== Exercise brief ==
State how many lines of the entries hold the string "that". Reply with the number alone.

Raw data: Begin

text \<open>Since \<open>(M/I)/B = M/(I \<union> B)\<close>, it suffices to treat \<open>I = {}\<close>. Let \<open>W\<close> be the union
of all \<open>(M,N)\<close>-waves and \<open>B\<close> a common base of \<open>M\<upharpoonright>W\<close> and \<open>N.W\<close>. As \<open>B\<close> is a
maximal \<open>M\<close>-independent subset of \<open>W\<close>, every element of \<open>W - B\<close> is a loop of \<open>M/B\<close>.
If \<open>I\<^sub>0\<close> is a maximal \<open>N\<close>-independent subset of \<open>E - W\<close>, then \<open>I\<^sub>0 \<union> B\<close> is a base
of \<open>N\<close>, so \<open>I\<^sub>0\<close> is a base of \<open>N/B\<close> disjoint from \<open>W\<close>; hence \<open>(N/B).U\<close> has rank
zero for every \<open>U \<subseteq> W - B\<close>. Finally every \<open>(M/B,N/B)\<close>-wave \<open>V\<close> lies in \<open>W - B\<close>:
a witness for \<open>V\<close> together with \<open>B\<close> witnesses that \<open>W \<union> V\<close> is an \<open>(M,N)\<close>-wave.\<close>

lemma ground_dual [simp]: "ground (dual M) = ground M"
  by (simp add: dual_def ground_def)

lemma indep_dual_iff: "indep (dual M) X \<longleftrightarrow> X \<subseteq> ground M \<and> (\<exists>B. base M B \<and> X \<inter> B = {})"
  by (simp add: dual_def indep_def ground_def)

lemma ground_restr [simp]: "ground (restr M X) = X"
  by (simp add: restr_def ground_def)

lemma indep_restr_iff: "indep (restr M X) Y \<longleftrightarrow> indep M Y \<and> Y \<subseteq> X"
  by (simp add: restr_def indep_def)

lemma ground_contr [simp]: "ground (contr M X) = ground M - X"
  by (simp add: contr_def)

lemma indep_contr_dual_iff:
  "indep (contr M X) Y \<longleftrightarrow>
     Y \<subseteq> ground M - X \<and> (\<exists>D. base (restr (dual M) (ground M - X)) D \<and> Y \<inter> D = {})"
  by (simp add: contr_def indep_dual_iff)

lemma indep_contr_subset: "indep (contr M X) Y \<Longrightarrow> Y \<subseteq> ground M - X"
  by (simp add: indep_contr_dual_iff)

lemma matroid_eqI:
  assumes "ground M = ground N" and "\<And>Y. indep M Y \<longleftrightarrow> indep N Y"
  shows "M = N"
  using assms by (simp add: ground_def indep_def prod_eq_iff set_eq_iff)

definition maximal_indep :: "'a matroid \<Rightarrow> 'a set \<Rightarrow> 'a set \<Rightarrow> bool" where
  "maximal_indep M X J \<longleftrightarrow>
     indep M J \<and> J \<subseteq> X \<and> (\<forall>K. indep M K \<and> J \<subseteq> K \<and> K \<subseteq> X \<longrightarrow> K = J)"

lemma maximal_indepD:
  assumes "maximal_indep M X J"
  shows "indep M J" and "J \<subseteq> X" and "\<And>K. indep M K \<Longrightarrow> J \<subseteq> K \<Longrightarrow> K \<subseteq> X \<Longrightarrow> K = J"
  using assms unfolding maximal_indep_def by auto

lemma maximal_indep_self: "indep M I \<Longrightarrow> maximal_indep M I I"
  unfolding maximal_indep_def by blast

lemma base_restr_iff: "base (restr M X) B \<longleftrightarrow> maximal_indep M X B"
  unfolding base_def maximal_indep_def indep_restr_iff by blast

lemma base_indep: "base M B \<Longrightarrow> indep M B"
  unfolding base_def by blast

lemma base_maximal: "base M B \<Longrightarrow> indep M K \<Longrightarrow> B \<subseteq> K \<Longrightarrow> K = B"
  unfolding base_def by blast

lemma base_imp_maximal_indep: "base M B \<Longrightarrow> B \<subseteq> X \<Longrightarrow> maximal_indep M X B"
  unfolding base_def maximal_indep_def by blast

lemma indep_subset_ground: "is_matroid M \<Longrightarrow> indep M I \<Longrightarrow> I \<subseteq> ground M"
  unfolding is_matroid_def by (elim conjE) blast

lemma indep_empty: "is_matroid M \<Longrightarrow> indep M {}"
  unfolding is_matroid_def by (elim conjE)

lemma indep_subset: "is_matroid M \<Longrightarrow> indep M J \<Longrightarrow> I \<subseteq> J \<Longrightarrow> indep M I"
  unfolding is_matroid_def by (elim conjE) blast

lemma indep_augment:
  assumes "is_matroid M" and "indep M I" and "\<not> base M I" and "base M B"
  shows "\<exists>x \<in> B - I. indep M (insert x I)"
proof -
  have "\<forall>I B. indep M I \<and> \<not> base M I \<and> base M B \<longrightarrow> (\<exists>x \<in> B - I. indep M (insert x I))"
    using assms(1) unfolding is_matroid_def by (elim conjE)
  with assms(2-4) show ?thesis by blast
qed

lemma exists_maximal_indep:
  assumes "is_matroid M" and "indep M I" and "I \<subseteq> X" and "X \<subseteq> ground M"
  obtains J where "maximal_indep M X J" and "I \<subseteq> J"
proof -
  have "\<forall>I X. indep M I \<and> I \<subseteq> X \<and> X \<subseteq> ground M \<longrightarrow>
          (\<exists>J. indep M J \<and> I \<subseteq> J \<and> J \<subseteq> X \<and>
               (\<forall>K. indep M K \<and> J \<subseteq> K \<and> K \<subseteq> X \<longrightarrow> K = J))"
    using assms(1) unfolding is_matroid_def by (elim conjE)
  then have "\<exists>J. maximal_indep M X J \<and> I \<subseteq> J"
    using assms(2-4) unfolding maximal_indep_def by meson
  then show thesis
    using that by auto
qed

lemma base_iff_maximal_indep_ground:
  "is_matroid M \<Longrightarrow> base M B \<longleftrightarrow> maximal_indep M (ground M) B"
  unfolding base_def maximal_indep_def using indep_subset_ground by blast

lemma exists_base_superset:
  assumes "is_matroid M" and "indep M I"
  obtains B where "base M B" and "I \<subseteq> B"
proof -
  obtain J where "maximal_indep M (ground M) J" and "I \<subseteq> J"
    by (rule exists_maximal_indep[OF assms indep_subset_ground[OF assms] order_refl])
  then show thesis
    using that base_iff_maximal_indep_ground[OF assms(1)] by simp
qed

lemma maximal_indep_containing_base:
  assumes M: "is_matroid M" and B: "base M B" and "B \<subseteq> X" and J: "maximal_indep M X J"
  shows "base M J"
proof (rule ccontr)
  assume "\<not> base M J"
  from indep_augment[OF M maximal_indepD(1)[OF J] this B]
  obtain x where "x \<in> B - J" and "indep M (insert x J)" ..
  moreover have "insert x J \<subseteq> X"
    using \<open>x \<in> B - J\<close> \<open>B \<subseteq> X\<close> maximal_indepD(2)[OF J] by blast
  ultimately have "insert x J = J"
    using maximal_indepD(3)[OF J] by blast
  with \<open>x \<in> B - J\<close> show False by auto
qed

lemma maximal_indep_inter:
  assumes "is_matroid M" and "maximal_indep M X I" and "indep M J" and "I \<subseteq> J"
  shows "J \<inter> X = I"
  using maximal_indepD[OF assms(2)] indep_subset[OF assms(1,3), of "J \<inter> X"] assms(4)
  by blast

lemma exists_base_between:
  assumes M: "is_matroid M" and I: "maximal_indep M X I" and B: "base M B"
  obtains J where "base M J" and "I \<subseteq> J" and "J \<subseteq> I \<union> B"
proof -
  have "I \<union> B \<subseteq> ground M"
    using indep_subset_ground[OF M maximal_indepD(1)[OF I]] indep_subset_ground[OF M base_indep[OF B]]
    by blast
  then obtain J where J: "maximal_indep M (I \<union> B) J" and "I \<subseteq> J"
    using exists_maximal_indep[OF M maximal_indepD(1)[OF I]] by blast
  moreover have "base M J"
    using maximal_indep_containing_base[OF M B _ J] by blast
  ultimately show thesis
    using that maximal_indepD(2)[OF J] by blast
qed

Raw data: End

== Exercise solution ==
4